Transcanada pipeline

Global oil benchmarks are suddenly heading in different directions, upending what have consistently been close linkages between prices in various parts of the world.

To be sure, oil prices have declined everywhere over the past week on news that OPEC and Russia might agree to lift production levels. But regional differences are wreaking havoc on the oil market, dragging down some benchmark contracts more than others.

Western Canada Select (WCS), for instance, consistently trades at a discount to WTI, but the spread has widened recently. On May 23, WCS traded $17 per barrel lower than WTI, which is, to be sure, a very large discount. However, WCS has plunged this week, and by May 31 the Canadian heavy oil benchmark was trading at $41 per barrel, or $25 below WTI.

Pipelines are full and the bottleneck in Alberta is weighing on the Canadian benchmark. This has pushed Prime Minister Justin Trudeau to extreme lengths to get the Trans Mountain pipeline expansion built. But, the ceiling on midstream capacity is expected to persist, perhaps for several more years.

Pipeline problems are not unique to Canada. The Permian basin has continued to grow oil production, but the region’s pipeline network is not adding capacity fast enough. The most recent data suggests that the pipelines from West Texas to the Gulf Coast are full and Permian producers are scrambling to find takeaway capacity by rail or even by truck, which, needless to say, is expensive and inefficient, forcing producers to accept steep discounts for their oil. Related: Oil Prices Rebound As Crude Inventories Shrink

For the last few weeks, Midland WTI has traded at a double-digit discount relative to WTI in Houston or Cushing. No new pipeline capacity is imminent, and in fact, the shortfall could grow over the next year.
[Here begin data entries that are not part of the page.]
(* Let $G=(V,E,w)$ be an edge-weighted graph with positive rational weights, no isolated vertices and maximum degree $\Delta$. The greedy algorithm applied to $U=V$ and the function $g(A)=h(A)+\frac1L f(A)$ returns a WPPITDS $S$ with $$|S|\le\Big(1+\ln\big(\tfrac32\cdot L\cdot W+\Delta\big)\Big)\cdot|S^*|,$$ where $S^*$ is a minimum-cardinality WPPITDS.
   Context: $N_A(v)=N(v)\cap A$, $W_A(v)=\sum_{u\in N_A(v)}w_{(v,u)}$, $W(v)=W_V(v)$, $W=\max_v W(v)$. $h(A)=\sum_{v\in V}h_A(v)$ with $h_A(v)=W(v)/2$ if $v\in A$ or $W_A(v)\ge W(v)/2$, and $h_A(v)=W_A(v)$ otherwise. $f(A)=\sum_{v\in V}\delta_A(v)$ with $\delta_A(v)=1$ if $|N_A(v)|>0$ and $0$ otherwise. For $v$ with incident edge weights $w_1,\dots,w_d$, write $w_0=W(v)/2$ and each $w_i$ as a reduced fraction $p_i/q_i$; $l(v)=\mathrm{lcm}\{q_0,\dots,q_d\}$, $L=\max_v l(v)$. The greedy algorithm: start with $S=\emptyset$; while some $u\in V\setminus S$ has $g(S\cup\{u\})-g(S)>0$, add to $S$ an element maximizing this increment (ties arbitrary); return $S$. A WPPITDS is a set $S\subseteq V$ such that every $v\in V\setminus S$ satisfies $W_S(v)\ge W(v)/2$ and every vertex of $S$ has at least one neighbor in $S$. *)

theory Defs
  imports Complex_Main
begin

definition wgraph :: "'a set \<Rightarrow> ('a \<Rightarrow> 'a \<Rightarrow> bool) \<Rightarrow> ('a \<Rightarrow> 'a \<Rightarrow> rat) \<Rightarrow> bool" where
  "wgraph V E w \<longleftrightarrow> finite V
     \<and> (\<forall>u v. E u v \<longrightarrow> u \<in> V \<and> v \<in> V)
     \<and> (\<forall>u v. E u v \<longrightarrow> E v u)
     \<and> (\<forall>v. \<not> E v v)
     \<and> (\<forall>u v. E u v \<longrightarrow> w u v = w v u \<and> w u v > 0)"

definition no_isolated :: "'a set \<Rightarrow> ('a \<Rightarrow> 'a \<Rightarrow> bool) \<Rightarrow> bool" where
  "no_isolated V E \<longleftrightarrow> (\<forall>v\<in>V. \<exists>u. E v u)"

definition nbhd :: "'a set \<Rightarrow> ('a \<Rightarrow> 'a \<Rightarrow> bool) \<Rightarrow> 'a \<Rightarrow> 'a set" where
  "nbhd V E v = {u \<in> V. E v u}"

definition nbhdA :: "'a set \<Rightarrow> ('a \<Rightarrow> 'a \<Rightarrow> bool) \<Rightarrow> 'a set \<Rightarrow> 'a \<Rightarrow> 'a set" where
  "nbhdA V E A v = nbhd V E v \<inter> A"

definition WA :: "'a set \<Rightarrow> ('a \<Rightarrow> 'a \<Rightarrow> bool) \<Rightarrow> ('a \<Rightarrow> 'a \<Rightarrow> rat) \<Rightarrow> 'a set \<Rightarrow> 'a \<Rightarrow> rat" where
  "WA V E w A v = (\<Sum>u\<in>nbhdA V E A v. w v u)"

definition Wv :: "'a set \<Rightarrow> ('a \<Rightarrow> 'a \<Rightarrow> bool) \<Rightarrow> ('a \<Rightarrow> 'a \<Rightarrow> rat) \<Rightarrow> 'a \<Rightarrow> rat" where
  "Wv V E w v = WA V E w V v"

definition Wmax :: "'a set \<Rightarrow> ('a \<Rightarrow> 'a \<Rightarrow> bool) \<Rightarrow> ('a \<Rightarrow> 'a \<Rightarrow> rat) \<Rightarrow> rat" where
  "Wmax V E w = Max (Wv V E w ` V)"

definition maxdeg :: "'a set \<Rightarrow> ('a \<Rightarrow> 'a \<Rightarrow> bool) \<Rightarrow> nat" where
  "maxdeg V E = Max ((\<lambda>v. card (nbhd V E v)) ` V)"

definition denom :: "rat \<Rightarrow> int" where
  "denom q = snd (quotient_of q)"

definition lv :: "'a set \<Rightarrow> ('a \<Rightarrow> 'a \<Rightarrow> bool) \<Rightarrow> ('a \<Rightarrow> 'a \<Rightarrow> rat) \<Rightarrow> 'a \<Rightarrow> int" where
  "lv V E w v = Lcm (denom ` ({Wv V E w v / 2} \<union> (\<lambda>u. w v u) ` nbhd V E v))"

definition Lmax :: "'a set \<Rightarrow> ('a \<Rightarrow> 'a \<Rightarrow> bool) \<Rightarrow> ('a \<Rightarrow> 'a \<Rightarrow> rat) \<Rightarrow> int" where
  "Lmax V E w = Max (lv V E w ` V)"

definition hA :: "'a set \<Rightarrow> ('a \<Rightarrow> 'a \<Rightarrow> bool) \<Rightarrow> ('a \<Rightarrow> 'a \<Rightarrow> rat) \<Rightarrow> 'a set \<Rightarrow> 'a \<Rightarrow> rat" where
  "hA V E w A v = (if v \<in> A \<or> WA V E w A v \<ge> Wv V E w v / 2 then Wv V E w v / 2 else WA V E w A v)"

definition hfun :: "'a set \<Rightarrow> ('a \<Rightarrow> 'a \<Rightarrow> bool) \<Rightarrow> ('a \<Rightarrow> 'a \<Rightarrow> rat) \<Rightarrow> 'a set \<Rightarrow> rat" where
  "hfun V E w A = (\<Sum>v\<in>V. hA V E w A v)"

definition deltaA :: "'a set \<Rightarrow> ('a \<Rightarrow> 'a \<Rightarrow> bool) \<Rightarrow> 'a set \<Rightarrow> 'a \<Rightarrow> nat" where
  "deltaA V E A v = (if card (nbhdA V E A v) > 0 then 1 else 0)"

definition ffun :: "'a set \<Rightarrow> ('a \<Rightarrow> 'a \<Rightarrow> bool) \<Rightarrow> 'a set \<Rightarrow> nat" where
  "ffun V E A = (\<Sum>v\<in>V. deltaA V E A v)"

definition gfun :: "'a set \<Rightarrow> ('a \<Rightarrow> 'a \<Rightarrow> bool) \<Rightarrow> ('a \<Rightarrow> 'a \<Rightarrow> rat) \<Rightarrow> 'a set \<Rightarrow> rat" where
  "gfun V E w A = hfun V E w A + of_nat (ffun V E A) / of_int (Lmax V E w)"

definition greedy_step :: "('a set \<Rightarrow> rat) \<Rightarrow> 'a set \<Rightarrow> 'a set \<Rightarrow> 'a set \<Rightarrow> bool" where
  "greedy_step g U S S' \<longleftrightarrow> (\<exists>u\<in>U - S. g (S \<union> {u}) - g S > 0
      \<and> (\<forall>u'\<in>U - S. g (S \<union> {u'}) - g S \<le> g (S \<union> {u}) - g S)
      \<and> S' = S \<union> {u})"

text \<open>S is a possible output of the greedy algorithm (for some tie-breaking).\<close>
definition greedy_output :: "('a set \<Rightarrow> rat) \<Rightarrow> 'a set \<Rightarrow> 'a set \<Rightarrow> bool" where
  "greedy_output g U S \<longleftrightarrow> (greedy_step g U)\<^sup>*\<^sup>* {} S
      \<and> \<not> (\<exists>u\<in>U - S. g (S \<union> {u}) - g S > 0)"

definition WPPITDS :: "'a set \<Rightarrow> ('a \<Rightarrow> 'a \<Rightarrow> bool) \<Rightarrow> ('a \<Rightarrow> 'a \<Rightarrow> rat) \<Rightarrow> 'a set \<Rightarrow> bool" where
  "WPPITDS V E w S \<longleftrightarrow> S \<subseteq> V
     \<and> (\<forall>v\<in>V - S. WA V E w S v \<ge> Wv V E w v / 2)
     \<and> (\<forall>v\<in>S. card (nbhdA V E S v) > 0)"

end

theory Submission
  imports Defs
begin

text \<open>The function \<open>g = h + f/L\<close> is monotone and submodular: \<open>h\<^sub>A(v)\<close> is a modular
  function of \<open>A\<close> truncated at \<open>W(v)/2\<close>, and \<open>\<delta>\<^sub>A(v)\<close> is a coverage indicator. For
  \<open>A \<subseteq> V\<close> we have \<open>g(A) = g(V)\<close> exactly when \<open>A\<close> is a WPPITDS, and since \<open>l(v) h\<^sub>A(v)\<close> is
  an integer, every positive marginal gain of \<open>g\<close> is at least \<open>1/L\<close>. Wolsey's analysis of
  greedy submodular cover then applies: with \<open>k = |S*|\<close>, each greedy step shrinks the residual
  \<open>g(V) - g(S)\<close> by at least \<open>1/L\<close> and by at least a \<open>k\<close>-th of it, so it lowers a concave
  potential of the residual by at least one; initially that potential is at most
  \<open>k (1 + ln (L D))\<close>, where \<open>D = 3/2 W + \<Delta>/L\<close> bounds the gain of a single vertex.\<close>

text \<open>Concave in \<open>r\<close> with slope \<open>min L (k/r)\<close>, so a greedy step, which lowers the residual
  \<open>r\<close> by at least \<open>1/L\<close> and at least \<open>r/k\<close>, lowers the potential by at least one.\<close>

definition greedy_potential :: "real \<Rightarrow> real \<Rightarrow> real \<Rightarrow> real" where
  "greedy_potential k L r = (if r \<le> k / L then L * r else k + k * ln (r * L / k))"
While the Midland discount is around $10 per barrel now, futures for November 2018 has Midland trading at a $17-per-barrel discount, a reflection of the fact that the pipeline bottleneck will only grow worse over the course of this year.
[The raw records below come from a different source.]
(* Let $q\in\mathbb{R}[x,y]$ be a positive definite quadratic form. For every psd form $f\in\mathbb{R}[x,y]$ of degree $2d$ there exist forms $\xi,\eta\in\mathbb{R}[x,y]$ with $\deg(\xi)=d-1$, $\deg(\eta)=d$ and $f=\eta^2+q\xi^2$. The number of such pairs $(\xi,\eta)$ is at most $2^{d+1}$, with equality if and only if $q\nmid f$ and $f$ is square-free.
   Context: A form is a homogeneous polynomial; a form of degree $d$ is a homogeneous polynomial of degree $d$ (possibly zero). A real binary form is psd if it takes only nonnegative values on $\mathbb{R}^2$, positive definite if it takes positive values on $\mathbb{R}^2\setminus\{0\}$. *)

theory Defs
  imports "HOL-Computational_Algebra.Computational_Algebra"
begin

text \<open>Bivariate real polynomials R[x,y] are represented as R[x][y], i.e. the type
  real poly poly: the outer variable is y, the inner one is x.
  A polynomial p is sum over j of (coeff p j)(x) * y^j.\<close>

type_synonym bipoly = "real poly poly"

definition eval2 :: "bipoly \<Rightarrow> real \<Rightarrow> real \<Rightarrow> real" where
  "eval2 p x y = poly (map_poly (\<lambda>c. poly c x) p) y"

definition is_form :: "nat \<Rightarrow> bipoly \<Rightarrow> bool" where
  "is_form d p \<longleftrightarrow> (\<forall>i j. coeff (coeff p j) i \<noteq> 0 \<longrightarrow> i + j = d)"

definition psd2 :: "bipoly \<Rightarrow> bool" where
  "psd2 p \<longleftrightarrow> (\<forall>x y. eval2 p x y \<ge> 0)"

definition pos_def2 :: "bipoly \<Rightarrow> bool" where
  "pos_def2 p \<longleftrightarrow> (\<forall>x y. (x, y) \<noteq> (0, 0) \<longrightarrow> eval2 p x y > 0)"

end

theory Submission
  imports Defs
begin

text \<open>Setting \<open>x = 1\<close> identifies forms of degree \<open>n\<close> with univariate polynomials of degree at
  most \<open>n\<close>, so it suffices to count the pairs \<open>(a, b)\<close> with \<open>p = b\<^sup>2 + Q a\<^sup>2\<close> for a nonnegative
  univariate \<open>p\<close> and a positive definite quadratic \<open>Q\<close>. Such pairs are the norms of elements
  \<open>b + a \<surd>(-Q)\<close>, so they are multiplicative, and every positive definite quadratic \<open>g\<close> is itself a
  norm \<open>b\<^sub>0\<^sup>2 + Q a\<^sub>0\<^sup>2\<close> with constant \<open>a\<^sub>0 \<noteq> 0\<close> (intermediate value theorem). A nonnegative \<open>p\<close>
  factors into squares of linear factors and positive definite quadratics. Dividing off a square
  \<open>l\<^sup>2\<close> or a factor \<open>Q\<close> does not change the number of representations, while dividing off another
  quadratic \<open>g\<close> (a prime) recovers every representation of \<open>p\<close> from one of \<open>p / g\<close> by multiplying
  with \<open>b\<^sub>0 \<plusminus> a\<^sub>0 \<surd>(-Q)\<close>; the two families are disjoint exactly when \<open>g\<close> does not divide \<open>p / g\<close>.
  Hence the count at most doubles with each quadratic factor, and it reaches \<open>2\<^bsup>d+1\<^esup>\<close> exactly for
  square-free \<open>p\<close> of full degree prime to \<open>Q\<close>.\<close>

lemma map_poly_add_hom:
  assumes "\<And>x y. h (x + y) = h x + h y" "h 0 = 0"
  shows "map_poly h (p + q) = map_poly h p + map_poly h q"
  by (rule poly_eqI) (simp add: coeff_map_poly assms)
WTI, for its part, is trading at a multi-year low relative to Brent. As of May 31, WTI was down below $67 per barrel during midday trading, dropping to an $11-per-barrel discount relative to Brent. Again the blowout in the spread is the result of surging shale production at a time when supply is restricted elsewhere in the world.

(Click to enlarge)

Brent, meanwhile, has lost ground relative to the Dubai benchmark. This is the result of tighter supplies in the Middle East, which has pushed up prices. Not only is OPEC keeping supply off of the market, reducing flows, but the scrapping of the Iran nuclear deal has also raised fears of supply outages from the Middle East. The discount for Dubai relative to Brent has shrunk to less than $3 per barrel, the lowest spread in months.
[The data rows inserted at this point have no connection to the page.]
lemma comm_equiv_move_right: "\<forall>y\<in>set p. E (fst l) (fst y) \<Longrightarrow> comm_equiv E (l # p) (p @ [l])"
proof (induct p)
  case (Cons y p)
  have "comm_swap E ([] @ [l, y] @ p) ([] @ [y, l] @ p)"
    using Cons.prems by (intro comm_swap.intros) auto
  then have "comm_equiv E (l # y # p) (y # l # p)" by simp
  also have "comm_equiv E (y # l # p) (y # p @ [l])"
    using Cons by (auto intro: comm_equiv_Cons)
  finally show ?case by simp
qed simp

lemma comm_equiv_move:
  assumes "\<forall>y\<in>set p. E (fst l) (fst y)"
  shows "comm_equiv E (a @ l # p @ b) (a @ p @ l # b)"
  using comm_equiv_in_context[OF comm_equiv_move_right[where E=E, OF assms], of a b] by simp

lemma comm_equiv_replicate:
  "\<forall>y\<in>set p. E (fst l) (fst y) \<Longrightarrow> comm_equiv E (replicate k l @ p) (p @ replicate k l)"
proof (induct k)
  case (Suc k)
  have "comm_equiv E (l # replicate k l @ p) (l # p @ replicate k l)"
    using Suc by (auto intro: comm_equiv_Cons)
  also have "comm_equiv E (l # p @ replicate k l) (p @ l # replicate k l)"
    using comm_equiv_move[of p E l "[]"] Suc.prems by simp
  finally show ?case by simp
qed simp

lemma leading_Cons_self [simp]: "leading E m (m # r)"
  unfolding leading_def by (rule exI[of _ "[]"]) auto

lemma leading_append: "leading E l a \<Longrightarrow> leading E l (a @ b)"
  unfolding leading_def by (metis append.assoc append_Cons)

lemma leading_Cons_adjacent: "leading E m r \<Longrightarrow> E (fst m) (fst l) \<Longrightarrow> leading E m (l # r)"
  unfolding leading_def by (metis append_Cons set_ConsD)

lemma leading_Cons_other:
  assumes "leading E m (l # r)" "m \<noteq> l"
  shows "leading E m r \<and> E (fst m) (fst l)"
proof -
  obtain p s where ps: "l # r = p @ m # s" "\<forall>y\<in>set p. E (fst m) (fst y)"
    using assms(1) unfolding leading_def by blast
  then obtain p' where "p = l # p'" using assms(2) by (cases p) auto
  then show ?thesis using ps unfolding leading_def by auto
qed

lemma leading_replicate:
  "leading E m (replicate k l @ x) \<Longrightarrow> m \<noteq> l \<Longrightarrow> leading E m x \<and> (0 < k \<longrightarrow> E (fst m) (fst l))"
  by (induct k) (auto dest: leading_Cons_other)

lemma leading_append_not_leading:
  assumes "leading E m (X @ Z)" "\<not> leading E m X"
  shows "\<exists>us s. Z = us @ m # s \<and> (\<forall>y\<in>set (X @ us). E (fst m) (fst y))"
proof -
  obtain p s where ps: "X @ Z = p @ m # s" and p: "\<forall>y\<in>set p. E (fst m) (fst y)"
    using assms(1) unfolding leading_def by blast
  consider (inside) us where "X = p @ us" "us @ Z = m # s"
    | (beyond) us where "p = X @ us" "Z = us @ m # s"
    using ps by (auto simp: append_eq_append_conv2)
  then show ?thesis
  proof cases
    case inside
    have "us = []"
    proof (rule ccontr)
      assume "us \<noteq> []"
      then have "X = p @ m # tl us" using inside by (cases us) auto
      then show False using assms(2) p unfolding leading_def by blast
    qed
    then show ?thesis using inside p by (intro exI[of _ "[]"] exI[of _ s]) auto
  next
    case beyond
    then show ?thesis using p by auto
  qed
qed

context simple_graph
begin

lemma comm_swap_sym: "comm_swap E a b \<Longrightarrow> comm_swap E b a"
proof (induct rule: comm_swap.induct)
  case (1 a c xs ys)
  show ?case by (rule comm_swap.intros) (rule sym, fact)
qed

lemma comm_equiv_sym: "comm_equiv E a b \<Longrightarrow> comm_equiv E b a"
  by (induct rule: rtranclp_induct)
    (auto intro: comm_swap_sym converse_rtranclp_into_rtranclp)

lemma comm_equiv_move_left: "\<forall>y\<in>set p. E (fst l) (fst y) \<Longrightarrow> comm_equiv E (p @ [l]) (l # p)"
  using comm_equiv_move_right comm_equiv_sym by blast

lemma leading_iff_proj_pair:
  "leading E l r \<longleftrightarrow> (\<forall>b. \<not> E (fst l) b \<longrightarrow> (\<exists>t. proj_pair (fst l) b r = l # t))"
proof
  assume "leading E l r"
  then obtain p s where r: "r = p @ l # s" and p: "\<forall>y\<in>set p. E (fst l) (fst y)"
    unfolding leading_def by blast
  show "\<forall>b. \<not> E (fst l) b \<longrightarrow> (\<exists>t. proj_pair (fst l) b r = l # t)"
  proof (intro allI impI)
    fix b
    assume "\<not> E (fst l) b"
    then have "proj_pair (fst l) b p = []"
      using p irrefl unfolding proj_pair_def by (auto simp: filter_empty_conv)
    then show "\<exists>t. proj_pair (fst l) b r = l # t" by (simp add: r proj_pair_def)
  qed
next
  assume H: "\<forall>b. \<not> E (fst l) b \<longrightarrow> (\<exists>t. proj_pair (fst l) b r = l # t)"
  then obtain t where "proj_pair (fst l) (fst l) r = l # t" using irrefl by blast
  then have "l \<in> set r"
    unfolding proj_pair_def by (metis filter_is_subset list.set_intros(1) subsetD)
  then have "\<exists>y\<in>set r. \<not> E (fst l) (fst y)" using irrefl by blast
  then obtain p y s where r: "r = p @ y # s" and p: "\<forall>z\<in>set p. E (fst l) (fst z)"
      and y: "\<not> E (fst l) (fst y)"
    using split_list_first_prop[of r "\<lambda>y. \<not> E (fst l) (fst y)"] by blast
  have "proj_pair (fst l) (fst y) p = []"
    unfolding proj_pair_def filter_empty_conv using p y irrefl by metis
  then have "proj_pair (fst l) (fst y) r = y # proj_pair (fst l) (fst y) s"
    by (simp add: r proj_pair_def)
  with H y have "y = l" by auto
  with r p show "leading E l r" unfolding leading_def by auto
qed

lemma leading_proj_equiv_iff: "proj_equiv E a b \<Longrightarrow> leading E l a \<longleftrightarrow> leading E l b"
  unfolding leading_iff_proj_pair proj_equiv_def by metis

lemma proj_equiv_Nil: "proj_equiv E [] b \<Longrightarrow> b = []"
proof (cases b)
  case (Cons y b')
  assume "proj_equiv E [] b"
  then have "proj_pair (fst y) (fst y) [] = proj_pair (fst y) (fst y) b"
    unfolding proj_equiv_def using irrefl by blast
  then show ?thesis using Cons by (simp add: proj_pair_def)
qed simp

lemma proj_pair_leading_remove:
  assumes "\<forall>y\<in>set p. E (fst l) (fst y)" "\<not> E x z"
  shows "proj_pair x z (l # p @ s) = proj_pair x z (p @ l # s)"
proof (cases "fst l = x \<or> fst l = z")
  case True
  have "proj_pair x z p = []"
    unfolding proj_pair_def filter_empty_conv using assms True irrefl sym by metis
  then show ?thesis by (simp add: proj_pair_def)
qed (simp add: proj_pair_def)

lemma proj_equiv_imp_comm_equiv: "proj_equiv E a b \<Longrightarrow> comm_equiv E a b"
proof (induct a arbitrary: b)
  case Nil
  then show ?case using proj_equiv_Nil by auto
next
  case (Cons l a)
  have "leading E l b" using Cons.prems leading_proj_equiv_iff leading_Cons_self by blast
  then obtain p s where b: "b = p @ l # s" and p: "\<forall>y\<in>set p. E (fst l) (fst y)"
    unfolding leading_def by blast
  have "proj_equiv E (l # a) (l # p @ s)"
    using Cons.prems proj_pair_leading_remove[OF p] unfolding b proj_equiv_def by metis
  then have "proj_equiv E a (p @ s)"
    unfolding proj_equiv_def proj_pair_def by (auto split: if_splits)
  then have "comm_equiv E (l # a) (l # p @ s)" by (intro comm_equiv_Cons Cons.hyps)
  also have "comm_equiv E (l # p @ s) (p @ l # s)" using comm_equiv_move[where E=E, OF p, of "[]" s] by simp
  finally show ?case using b by simp
qed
“The three benchmarks -- Brent, WTI and Dubai -- have been fluctuating based on a combination of domestic factors, as well as wider geopolitical risks,” Den Syahril, an analyst at industry consultant FGE, told Bloomberg. “WTI is currently reflecting inland economics, as the U.S. struggles to bring oil to its coast. Brent and Dubai, on the other hand, are pricing in geopolitical tensions around U.S.-Iran sanctions, as well as uncertainties around the upcoming decision between OPEC and its allies.” Related: The Biggest Challenge For U.S. Oil Exports

Obviously, American crude priced at more than $10 per barrel below oil found elsewhere in the world makes it highly attractive to buyers. That should result in an explosion in U.S. crude oil exports in the coming weeks. Export levels have already been trending up for the past year, but the price differential is now at its highest level in more than three years, likely sparking a stampede of purchases from Asian buyers, for example.

Bloomberg reports that refiners in South Korea, India, Thailand, China and Japan are scrambling to buy up as much U.S. shale oil as possible from where they can get it, including from the Eagle Ford, the Bakken and the Permian. Interestingly, Chinese buyers are cut purchases from Saudi Arabia for the second consecutive month, swapping them out with more American cargoes. Why buy oil from the Middle East for $10-per-barrel more than from the U.S.?

It is often said that the oil market is global, that oil is a “fungible” commodity, meaning that prices are largely the same everywhere. There are always regional discrepancies, but as a general rule, oil is globally priced. However, infrastructure bottlenecks, geopolitical fears, supply increases and outages are cropping up in various parts of the world, leading to an unusual divergence in the top benchmarks. With many of those factors not set to immediately go away, the price differentials may not dissipate anytime soon.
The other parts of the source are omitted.